Data entries
☆ ☆ ☆ ☆
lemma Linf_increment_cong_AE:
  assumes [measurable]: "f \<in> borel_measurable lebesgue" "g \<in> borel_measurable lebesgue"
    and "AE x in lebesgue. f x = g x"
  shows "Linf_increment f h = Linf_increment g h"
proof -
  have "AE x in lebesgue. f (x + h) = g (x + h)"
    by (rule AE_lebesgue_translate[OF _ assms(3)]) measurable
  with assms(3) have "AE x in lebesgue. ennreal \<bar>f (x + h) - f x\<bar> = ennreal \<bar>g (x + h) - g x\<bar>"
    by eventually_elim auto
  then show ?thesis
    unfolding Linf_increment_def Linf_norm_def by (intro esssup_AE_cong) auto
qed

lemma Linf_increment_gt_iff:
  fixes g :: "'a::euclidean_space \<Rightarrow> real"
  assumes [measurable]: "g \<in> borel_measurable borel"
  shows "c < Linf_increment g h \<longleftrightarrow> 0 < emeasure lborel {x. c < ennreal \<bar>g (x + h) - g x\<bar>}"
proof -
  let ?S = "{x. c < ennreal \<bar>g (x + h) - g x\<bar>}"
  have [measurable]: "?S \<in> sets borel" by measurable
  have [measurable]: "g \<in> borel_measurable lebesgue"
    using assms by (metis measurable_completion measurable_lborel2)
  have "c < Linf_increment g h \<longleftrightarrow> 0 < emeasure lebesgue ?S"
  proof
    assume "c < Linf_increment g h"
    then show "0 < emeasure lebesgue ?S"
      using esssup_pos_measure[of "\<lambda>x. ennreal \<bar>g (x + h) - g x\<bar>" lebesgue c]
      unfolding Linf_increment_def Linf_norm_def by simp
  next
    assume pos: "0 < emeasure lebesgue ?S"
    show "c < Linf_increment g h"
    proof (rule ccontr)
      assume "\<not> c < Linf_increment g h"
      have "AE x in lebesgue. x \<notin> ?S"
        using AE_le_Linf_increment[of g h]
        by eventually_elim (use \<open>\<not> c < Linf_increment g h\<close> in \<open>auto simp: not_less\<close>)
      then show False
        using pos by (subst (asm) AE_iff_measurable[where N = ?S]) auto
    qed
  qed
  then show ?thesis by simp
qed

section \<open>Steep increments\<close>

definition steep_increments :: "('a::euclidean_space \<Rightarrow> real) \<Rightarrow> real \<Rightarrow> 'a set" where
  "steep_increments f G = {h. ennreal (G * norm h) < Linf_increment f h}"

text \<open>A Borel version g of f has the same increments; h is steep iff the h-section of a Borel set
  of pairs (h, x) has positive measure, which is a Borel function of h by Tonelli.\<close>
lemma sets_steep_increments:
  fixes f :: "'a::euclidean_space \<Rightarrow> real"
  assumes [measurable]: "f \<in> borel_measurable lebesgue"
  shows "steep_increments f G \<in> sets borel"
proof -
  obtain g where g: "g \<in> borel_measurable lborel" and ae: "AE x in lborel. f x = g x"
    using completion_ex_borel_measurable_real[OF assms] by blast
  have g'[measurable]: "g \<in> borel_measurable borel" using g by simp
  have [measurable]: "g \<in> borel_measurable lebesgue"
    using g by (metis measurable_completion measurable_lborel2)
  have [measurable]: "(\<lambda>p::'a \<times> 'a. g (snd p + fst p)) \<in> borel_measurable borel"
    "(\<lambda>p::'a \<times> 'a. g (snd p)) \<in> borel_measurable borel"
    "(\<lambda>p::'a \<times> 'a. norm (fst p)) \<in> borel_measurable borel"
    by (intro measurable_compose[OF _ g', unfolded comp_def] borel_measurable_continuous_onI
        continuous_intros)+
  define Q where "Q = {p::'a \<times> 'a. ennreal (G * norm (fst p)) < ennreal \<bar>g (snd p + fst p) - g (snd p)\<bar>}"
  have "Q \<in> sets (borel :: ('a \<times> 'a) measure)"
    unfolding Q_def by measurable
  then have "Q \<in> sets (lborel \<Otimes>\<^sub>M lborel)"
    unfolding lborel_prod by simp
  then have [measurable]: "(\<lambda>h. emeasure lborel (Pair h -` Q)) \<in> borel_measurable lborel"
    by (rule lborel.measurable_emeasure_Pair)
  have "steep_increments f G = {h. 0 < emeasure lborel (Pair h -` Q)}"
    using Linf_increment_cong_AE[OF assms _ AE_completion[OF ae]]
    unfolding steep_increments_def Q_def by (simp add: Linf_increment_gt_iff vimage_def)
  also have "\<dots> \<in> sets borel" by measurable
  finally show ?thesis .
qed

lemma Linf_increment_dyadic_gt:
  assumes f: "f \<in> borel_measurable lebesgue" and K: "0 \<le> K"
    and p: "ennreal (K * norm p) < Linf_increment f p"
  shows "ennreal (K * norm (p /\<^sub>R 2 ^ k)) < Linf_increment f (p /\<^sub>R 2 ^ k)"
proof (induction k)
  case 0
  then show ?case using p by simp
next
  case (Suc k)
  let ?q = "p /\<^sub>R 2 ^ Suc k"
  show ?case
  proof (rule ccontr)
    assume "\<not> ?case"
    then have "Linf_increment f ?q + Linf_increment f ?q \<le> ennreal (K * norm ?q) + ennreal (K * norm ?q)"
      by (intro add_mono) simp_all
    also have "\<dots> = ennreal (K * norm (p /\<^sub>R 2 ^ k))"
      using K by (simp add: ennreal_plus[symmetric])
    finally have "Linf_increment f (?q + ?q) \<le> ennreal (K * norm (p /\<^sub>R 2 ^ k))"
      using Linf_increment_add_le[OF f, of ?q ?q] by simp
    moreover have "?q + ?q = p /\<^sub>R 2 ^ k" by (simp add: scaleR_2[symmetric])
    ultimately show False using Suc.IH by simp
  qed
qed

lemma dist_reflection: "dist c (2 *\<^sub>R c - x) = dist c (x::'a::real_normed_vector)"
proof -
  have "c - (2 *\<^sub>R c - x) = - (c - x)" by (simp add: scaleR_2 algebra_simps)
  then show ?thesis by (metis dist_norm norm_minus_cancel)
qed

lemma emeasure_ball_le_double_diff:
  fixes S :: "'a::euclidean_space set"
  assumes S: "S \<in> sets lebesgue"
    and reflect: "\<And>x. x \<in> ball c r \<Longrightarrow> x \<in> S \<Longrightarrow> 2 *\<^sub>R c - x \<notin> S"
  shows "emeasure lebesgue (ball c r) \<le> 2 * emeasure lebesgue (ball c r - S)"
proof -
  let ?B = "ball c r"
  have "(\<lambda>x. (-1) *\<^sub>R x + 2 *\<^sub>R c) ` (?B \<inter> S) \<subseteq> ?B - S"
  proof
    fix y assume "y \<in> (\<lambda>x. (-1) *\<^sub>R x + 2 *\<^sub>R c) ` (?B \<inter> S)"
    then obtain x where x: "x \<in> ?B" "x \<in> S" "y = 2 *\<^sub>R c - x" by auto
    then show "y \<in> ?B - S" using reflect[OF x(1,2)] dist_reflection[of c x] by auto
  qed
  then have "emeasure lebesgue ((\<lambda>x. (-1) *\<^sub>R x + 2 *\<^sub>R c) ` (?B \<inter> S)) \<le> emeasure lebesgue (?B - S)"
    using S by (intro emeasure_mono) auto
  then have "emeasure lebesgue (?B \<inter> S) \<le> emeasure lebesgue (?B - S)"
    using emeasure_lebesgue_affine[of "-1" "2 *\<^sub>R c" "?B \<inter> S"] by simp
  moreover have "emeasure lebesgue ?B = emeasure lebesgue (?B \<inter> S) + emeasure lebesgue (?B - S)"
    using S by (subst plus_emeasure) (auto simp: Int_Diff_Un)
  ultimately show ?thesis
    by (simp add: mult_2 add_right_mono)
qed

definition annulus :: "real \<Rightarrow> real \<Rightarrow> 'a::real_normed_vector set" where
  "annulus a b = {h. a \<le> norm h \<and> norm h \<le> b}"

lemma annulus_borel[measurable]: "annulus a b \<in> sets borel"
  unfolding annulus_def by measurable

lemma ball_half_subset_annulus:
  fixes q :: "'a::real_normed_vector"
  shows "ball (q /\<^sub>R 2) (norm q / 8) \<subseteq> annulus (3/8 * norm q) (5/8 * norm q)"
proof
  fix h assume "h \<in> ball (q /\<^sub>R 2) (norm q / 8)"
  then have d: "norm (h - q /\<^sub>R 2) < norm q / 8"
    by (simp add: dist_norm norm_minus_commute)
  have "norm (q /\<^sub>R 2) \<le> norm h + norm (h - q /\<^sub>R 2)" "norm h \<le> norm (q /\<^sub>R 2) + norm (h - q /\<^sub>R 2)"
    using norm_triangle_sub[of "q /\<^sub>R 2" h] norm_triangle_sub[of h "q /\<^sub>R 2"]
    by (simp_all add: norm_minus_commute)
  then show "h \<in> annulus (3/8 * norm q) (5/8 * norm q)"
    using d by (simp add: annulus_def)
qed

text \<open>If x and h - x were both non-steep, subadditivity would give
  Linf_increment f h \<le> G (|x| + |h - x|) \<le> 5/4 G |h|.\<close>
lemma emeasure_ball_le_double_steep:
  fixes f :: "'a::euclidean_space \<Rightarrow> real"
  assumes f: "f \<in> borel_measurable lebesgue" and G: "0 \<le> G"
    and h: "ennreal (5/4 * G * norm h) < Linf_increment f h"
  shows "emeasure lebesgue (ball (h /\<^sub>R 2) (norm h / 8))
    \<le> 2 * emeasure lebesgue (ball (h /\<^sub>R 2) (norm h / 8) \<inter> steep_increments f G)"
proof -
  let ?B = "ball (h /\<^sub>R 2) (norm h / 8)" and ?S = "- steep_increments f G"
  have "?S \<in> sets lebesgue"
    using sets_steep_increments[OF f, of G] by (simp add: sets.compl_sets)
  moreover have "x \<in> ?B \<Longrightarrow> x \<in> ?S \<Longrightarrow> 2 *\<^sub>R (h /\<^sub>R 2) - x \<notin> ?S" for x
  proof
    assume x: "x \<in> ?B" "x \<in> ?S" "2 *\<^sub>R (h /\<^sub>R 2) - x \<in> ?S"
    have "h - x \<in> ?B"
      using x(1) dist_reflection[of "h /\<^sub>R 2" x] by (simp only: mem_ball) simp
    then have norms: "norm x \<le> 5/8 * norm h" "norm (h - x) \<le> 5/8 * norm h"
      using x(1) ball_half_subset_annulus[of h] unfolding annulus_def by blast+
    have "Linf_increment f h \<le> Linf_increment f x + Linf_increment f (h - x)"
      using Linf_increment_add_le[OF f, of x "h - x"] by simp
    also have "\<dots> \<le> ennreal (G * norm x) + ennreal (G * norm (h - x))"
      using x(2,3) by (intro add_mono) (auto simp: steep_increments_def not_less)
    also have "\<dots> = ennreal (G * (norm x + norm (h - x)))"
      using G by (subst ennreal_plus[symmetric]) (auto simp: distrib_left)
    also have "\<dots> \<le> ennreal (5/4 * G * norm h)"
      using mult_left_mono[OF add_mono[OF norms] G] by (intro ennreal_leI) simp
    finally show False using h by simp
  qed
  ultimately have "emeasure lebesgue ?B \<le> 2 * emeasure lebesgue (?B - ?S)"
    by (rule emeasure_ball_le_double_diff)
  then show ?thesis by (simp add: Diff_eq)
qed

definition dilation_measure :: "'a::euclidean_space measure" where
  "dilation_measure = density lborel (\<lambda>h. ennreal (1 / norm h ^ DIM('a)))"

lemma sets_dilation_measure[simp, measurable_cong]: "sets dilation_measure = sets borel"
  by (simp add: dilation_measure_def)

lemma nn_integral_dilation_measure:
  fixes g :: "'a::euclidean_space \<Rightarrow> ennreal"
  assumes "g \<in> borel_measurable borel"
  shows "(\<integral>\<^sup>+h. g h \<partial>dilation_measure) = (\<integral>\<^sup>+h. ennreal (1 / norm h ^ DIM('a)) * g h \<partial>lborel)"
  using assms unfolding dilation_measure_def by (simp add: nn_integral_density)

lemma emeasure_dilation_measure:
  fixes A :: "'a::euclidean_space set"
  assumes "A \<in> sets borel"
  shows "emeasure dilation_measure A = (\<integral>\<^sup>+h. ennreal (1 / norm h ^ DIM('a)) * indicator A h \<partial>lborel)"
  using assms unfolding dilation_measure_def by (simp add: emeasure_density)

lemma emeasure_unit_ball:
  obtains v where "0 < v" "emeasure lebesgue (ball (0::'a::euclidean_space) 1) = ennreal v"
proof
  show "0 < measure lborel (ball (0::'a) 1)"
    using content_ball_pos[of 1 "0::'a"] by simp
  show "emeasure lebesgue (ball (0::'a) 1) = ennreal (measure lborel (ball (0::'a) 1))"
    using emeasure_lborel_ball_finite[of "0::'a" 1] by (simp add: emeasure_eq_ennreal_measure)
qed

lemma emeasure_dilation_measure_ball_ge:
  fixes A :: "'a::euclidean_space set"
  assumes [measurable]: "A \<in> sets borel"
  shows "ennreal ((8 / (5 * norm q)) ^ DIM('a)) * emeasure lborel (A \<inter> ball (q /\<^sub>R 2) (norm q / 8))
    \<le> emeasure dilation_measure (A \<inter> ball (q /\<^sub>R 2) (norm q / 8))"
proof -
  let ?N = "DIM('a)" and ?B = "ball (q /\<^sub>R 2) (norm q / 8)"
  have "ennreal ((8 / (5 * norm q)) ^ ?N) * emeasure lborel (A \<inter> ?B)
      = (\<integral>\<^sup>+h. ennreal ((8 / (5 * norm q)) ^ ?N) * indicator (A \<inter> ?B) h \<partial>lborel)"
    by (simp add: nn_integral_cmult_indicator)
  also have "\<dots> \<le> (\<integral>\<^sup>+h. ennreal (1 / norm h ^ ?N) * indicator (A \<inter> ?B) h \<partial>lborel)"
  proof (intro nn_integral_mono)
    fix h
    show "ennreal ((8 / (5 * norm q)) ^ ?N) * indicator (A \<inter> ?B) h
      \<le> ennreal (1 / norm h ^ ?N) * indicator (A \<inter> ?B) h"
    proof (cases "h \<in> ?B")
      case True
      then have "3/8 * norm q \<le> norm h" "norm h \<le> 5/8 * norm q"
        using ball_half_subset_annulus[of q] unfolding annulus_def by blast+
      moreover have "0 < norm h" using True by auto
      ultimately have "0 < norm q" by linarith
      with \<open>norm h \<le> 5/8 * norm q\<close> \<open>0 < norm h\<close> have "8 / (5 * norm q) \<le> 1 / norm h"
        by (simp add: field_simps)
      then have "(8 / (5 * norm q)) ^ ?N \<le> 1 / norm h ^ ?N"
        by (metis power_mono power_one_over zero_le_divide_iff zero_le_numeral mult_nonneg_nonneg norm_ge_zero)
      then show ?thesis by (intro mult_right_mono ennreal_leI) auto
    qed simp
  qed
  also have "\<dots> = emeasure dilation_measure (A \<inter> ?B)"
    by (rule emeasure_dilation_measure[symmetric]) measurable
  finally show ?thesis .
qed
☆ ☆ ☆ ☆
### WHAT YOU SHOULD DO
Write out exactly the lines between the start of the entries and the line containing "with assms(3) have", including that line and the first one.

### EXERCISE ANSWER
lemma Linf_increment_cong_AE:
  assumes [measurable]: "f \<in> borel_measurable lebesgue" "g \<in> borel_measurable lebesgue"
    and "AE x in lebesgue. f x = g x"
  shows "Linf_increment f h = Linf_increment g h"
proof -
  have "AE x in lebesgue. f (x + h) = g (x + h)"
    by (rule AE_lebesgue_translate[OF _ assms(3)]) measurable
  with assms(3) have "AE x in lebesgue. ennreal \<bar>f (x + h) - f x\<bar> = ennreal \<bar>g (x + h) - g x\<bar>"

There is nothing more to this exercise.